(* Let $1\le i<k<j<n$. Then in ${\boldsymbol U}_{v}(\mathfrak q_n)$ the following hold: \[ \mathsf E_{i,j}=-\mathsf E_{i,k}\mathsf E_{k,j}+v^{-1}\mathsf E_{k,j}\mathsf E_{i,k},\qquad \overline{\mathsf E}_{i,j}=-\mathsf E_{i,k}\overline{\mathsf E}_{k,j}+v^{-1}\overline{\mathsf E}_{k,j}\mathsf E_{i,k}, \] \[ \mathsf E_{j,i}=-\mathsf E_{j,k}\mathsf E_{k,i}+v\,\mathsf E_{k,i}\mathsf E_{j,k},\qquad \overline{\mathsf E}_{j,i}=-\overline{\mathsf E}_{j,k}\mathsf E_{k,i}+v\,\mathsf E_{k,i}\overline{\mathsf E}_{j,k}. \]
   Context: Let $v$ be an indeterminate. The quantum queer superalgebra ${\boldsymbol U}_{v}(\mathfrak q_n)$ is the associative superalgebra over $\mathbb Q(v)$ generated by even generators $\mathsf K_i,\mathsf K_i^{-1}$ ($1\le i\le n$), $\mathsf E_j,\mathsf F_j$ ($1\le j\le n-1$) and odd generators $\mathsf K_{\bar i}$ ($1\le i\le n$), $\mathsf E_{\bar j},\mathsf F_{\bar j}$ ($1\le j\le n-1$), subject to the following relations (indices are taken only where they make sense), where $(\epsilon_i,\alpha_j)=\delta_{i,j}-\delta_{i,j+1}$: (QQ1) $\mathsf K_i\mathsf K_i^{-1}=\mathsf K_i^{-1}\mathsf K_i=1$, $\mathsf K_i\mathsf K_j=\mathsf K_j\mathsf K_i$, $\mathsf K_i\mathsf K_{\bar j}=\mathsf K_{\bar j}\mathsf K_i$, $\mathsf K_{\bar i}\mathsf K_{\bar j}+\mathsf K_{\bar j}\mathsf K_{\bar i}=2\delta_{i,j}\frac{\mathsf K_i^2-\mathsf K_i^{-2}}{v^2-v^{-2}}$. (QQ2) $\mathsf K_i\mathsf E_j=v^{(\epsilon_i,\alpha_j)}\mathsf E_j\mathsf K_i$, $\mathsf K_i\mathsf E_{\bar j}=v^{(\epsilon_i,\alpha_j)}\mathsf E_{\bar j}\mathsf K_i$, $\mathsf K_i\mathsf F_j=v^{-(\epsilon_i,\alpha_j)}\mathsf F_j\mathsf K_i$, $\mathsf K_i\mathsf F_{\bar j}=v^{-(\epsilon_i,\alpha_j)}\mathsf F_{\bar j}\mathsf K_i$. (QQ3) $\mathsf K_{\bar i}\mathsf E_i-v\mathsf E_i\mathsf K_{\bar i}=\mathsf E_{\bar i}\mathsf K_i^{-1}$, $v\mathsf K_{\bar i}\mathsf E_{i-1}-\mathsf E_{i-1}\mathsf K_{\bar i}=-\mathsf K_i^{-1}\mathsf E_{\overline{i-1}}$, $\mathsf K_{\bar i}\mathsf F_i-v\mathsf F_i\mathsf K_{\bar i}=-\mathsf F_{\bar i}\mathsf K_i$, $v\mathsf K_{\bar i}\mathsf F_{i-1}-\mathsf F_{i-1}\mathsf K_{\bar i}=\mathsf K_i\mathsf F_{\overline{i-1}}$, $\mathsf K_{\bar i}\mathsf E_{\bar i}+v\mathsf E_{\bar i}\mathsf K_{\bar i}=\mathsf E_i\mathsf K_i^{-1}$, $v\mathsf K_{\bar i}\mathsf E_{\overline{i-1}}+\mathsf E_{\overline{i-1}}\mathsf K_{\bar i}=\mathsf K_i^{-1}\mathsf E_{i-1}$, $\mathsf K_{\bar i}\mathsf F_{\bar i}+v\mathsf F_{\bar i}\mathsf K_{\bar i}=\mathsf F_i\mathsf K_i$, $v\mathsf K_{\bar i}\mathsf F_{\overline{i-1}}+\mathsf F_{\overline{i-1}}\mathsf K_{\bar i}=\mathsf K_i\mathsf F_{i-1}$, and for $j\ne i,i-1$: $\mathsf K_{\bar i}\mathsf E_j=\mathsf E_j\mathsf K_{\bar i}$, $\mathsf K_{\bar i}\mathsf F_j=\mathsf F_j\mathsf K_{\bar i}$, $\mathsf K_{\bar i}\mathsf E_{\bar j}=-\mathsf E_{\bar j}\mathsf K_{\bar i}$, $\mathsf K_{\bar i}\mathsf F_{\bar j}=-\mathsf F_{\bar j}\mathsf K_{\bar i}$. (QQ4) $\mathsf E_i\mathsf F_j-\mathsf F_j\mathsf E_i=\delta_{i,j}\frac{\mathsf K_i\mathsf K_{i+1}^{-1}-\mathsf K_i^{-1}\mathsf K_{i+1}}{v-v^{-1}}$, $\mathsf E_{\bar i}\mathsf F_{\bar j}+\mathsf F_{\bar j}\mathsf E_{\bar i}=\delta_{i,j}\big(\frac{\mathsf K_i\mathsf K_{i+1}-\mathsf K_i^{-1}\mathsf K_{i+1}^{-1}}{v-v^{-1}}+(v-v^{-1})\mathsf K_{\bar i}\mathsf K_{\overline{i+1}}\big)$, $\mathsf E_i\mathsf F_{\bar j}-\mathsf F_{\bar j}\mathsf E_i=\delta_{i,j}(\mathsf K_{i+1}^{-1}\mathsf K_{\bar i}-\mathsf K_{\overline{i+1}}\mathsf K_i^{-1})$, $\mathsf E_{\bar i}\mathsf F_j-\mathsf F_j\mathsf E_{\bar i}=\delta_{i,j}(\mathsf K_{i+1}\mathsf K_{\bar i}-\mathsf K_{\overline{i+1}}\mathsf K_i)$. (QQ5) $\mathsf E_{\bar i}^2=-\frac{v-v^{-1}}{v+v^{-1}}\mathsf E_i^2$, $\mathsf F_{\bar i}^2=\frac{v-v^{-1}}{v+v^{-1}}\mathsf F_i^2$; for $|i-j|\ne1$: $\mathsf E_i\mathsf E_{\bar j}=\mathsf E_{\bar j}\mathsf E_i$, $\mathsf F_i\mathsf F_{\bar j}=\mathsf F_{\bar j}\mathsf F_i$; for $|i-j|>1$: $\mathsf E_i\mathsf E_j=\mathsf E_j\mathsf E_i$, $\mathsf F_i\mathsf F_j=\mathsf F_j\mathsf F_i$, $\mathsf E_{\bar i}\mathsf E_{\bar j}=-\mathsf E_{\bar j}\mathsf E_{\bar i}$, $\mathsf F_{\bar i}\mathsf F_{\bar j}=-\mathsf F_{\bar j}\mathsf F_{\bar i}$; $\mathsf E_i\mathsf E_{i+1}-v\mathsf E_{i+1}\mathsf E_i=\mathsf E_{\bar i}\mathsf E_{\overline{i+1}}+v\mathsf E_{\overline{i+1}}\mathsf E_{\bar i}$, $\mathsf E_i\mathsf E_{\overline{i+1}}-v\mathsf E_{\overline{i+1}}\mathsf E_i=\mathsf E_{\bar i}\mathsf E_{i+1}-v\mathsf E_{i+1}\mathsf E_{\bar i}$, $\mathsf F_i\mathsf F_{i+1}-v\mathsf F_{i+1}\mathsf F_i=-(\mathsf F_{\bar i}\mathsf F_{\overline{i+1}}+v\mathsf F_{\overline{i+1}}\mathsf F_{\bar i})$, $\mathsf F_i\mathsf F_{\overline{i+1}}-v\mathsf F_{\overline{i+1}}\mathsf F_i=\mathsf F_{\bar i}\mathsf F_{i+1}-v\mathsf F_{i+1}\mathsf F_{\bar i}$. (QQ6) for $|i-j|=1$: $\mathsf E_i^2X-(v+v^{-1})\mathsf E_iX\mathsf E_i+X\mathsf E_i^2=0$ for $X\in\{\mathsf E_j,\mathsf E_{\bar j}\}$ and $\mathsf F_i^2Y-(v+v^{-1})\mathsf F_iY\mathsf F_i+Y\mathsf F_i^2=0$ for $Y\in\{\mathsf F_j,\mathsf F_{\bar j}\}$. Quantum root vectors: for $1\le i\le n-1$ put $\mathsf E_{i,i+1}=\mathsf E_i$, $\overline{\mathsf E}_{i,i+1}=\mathsf E_{\bar i}$, $\mathsf E_{i+1,i}=\mathsf F_i$, $\overline{\mathsf E}_{i+1,i}=\mathsf F_{\bar i}$, and recursively for $i+1<j\le n$: $\mathsf E_{i,j}=-\mathsf E_{i,j-1}\mathsf E_{j-1}+v^{-1}\mathsf E_{j-1}\mathsf E_{i,j-1}$, $\overline{\mathsf E}_{i,j}=-\mathsf E_{i,j-1}\mathsf E_{\overline{j-1}}+v^{-1}\mathsf E_{\overline{j-1}}\mathsf E_{i,j-1}$, $\mathsf E_{j,i}=-\mathsf F_{j-1}\mathsf E_{j-1,i}+v\mathsf E_{j-1,i}\mathsf F_{j-1}$, $\overline{\mathsf E}_{j,i}=-\mathsf F_{\overline{j-1}}\mathsf E_{j-1,i}+v\mathsf E_{j-1,i}\mathsf F_{\overline{j-1}}$. *)

theory Defs
  imports Main "HOL-Computational_Algebra.Polynomial" "HOL-Computational_Algebra.Fraction_Field"
begin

#####

■ **Activity**:
What is needed is an exact copy of the lines from the one holding "theory Defs" through the final line of the material.

■ **Answer space**:
theory Defs
  imports Main "HOL-Computational_Algebra.Polynomial" "HOL-Computational_Algebra.Fraction_Field"
begin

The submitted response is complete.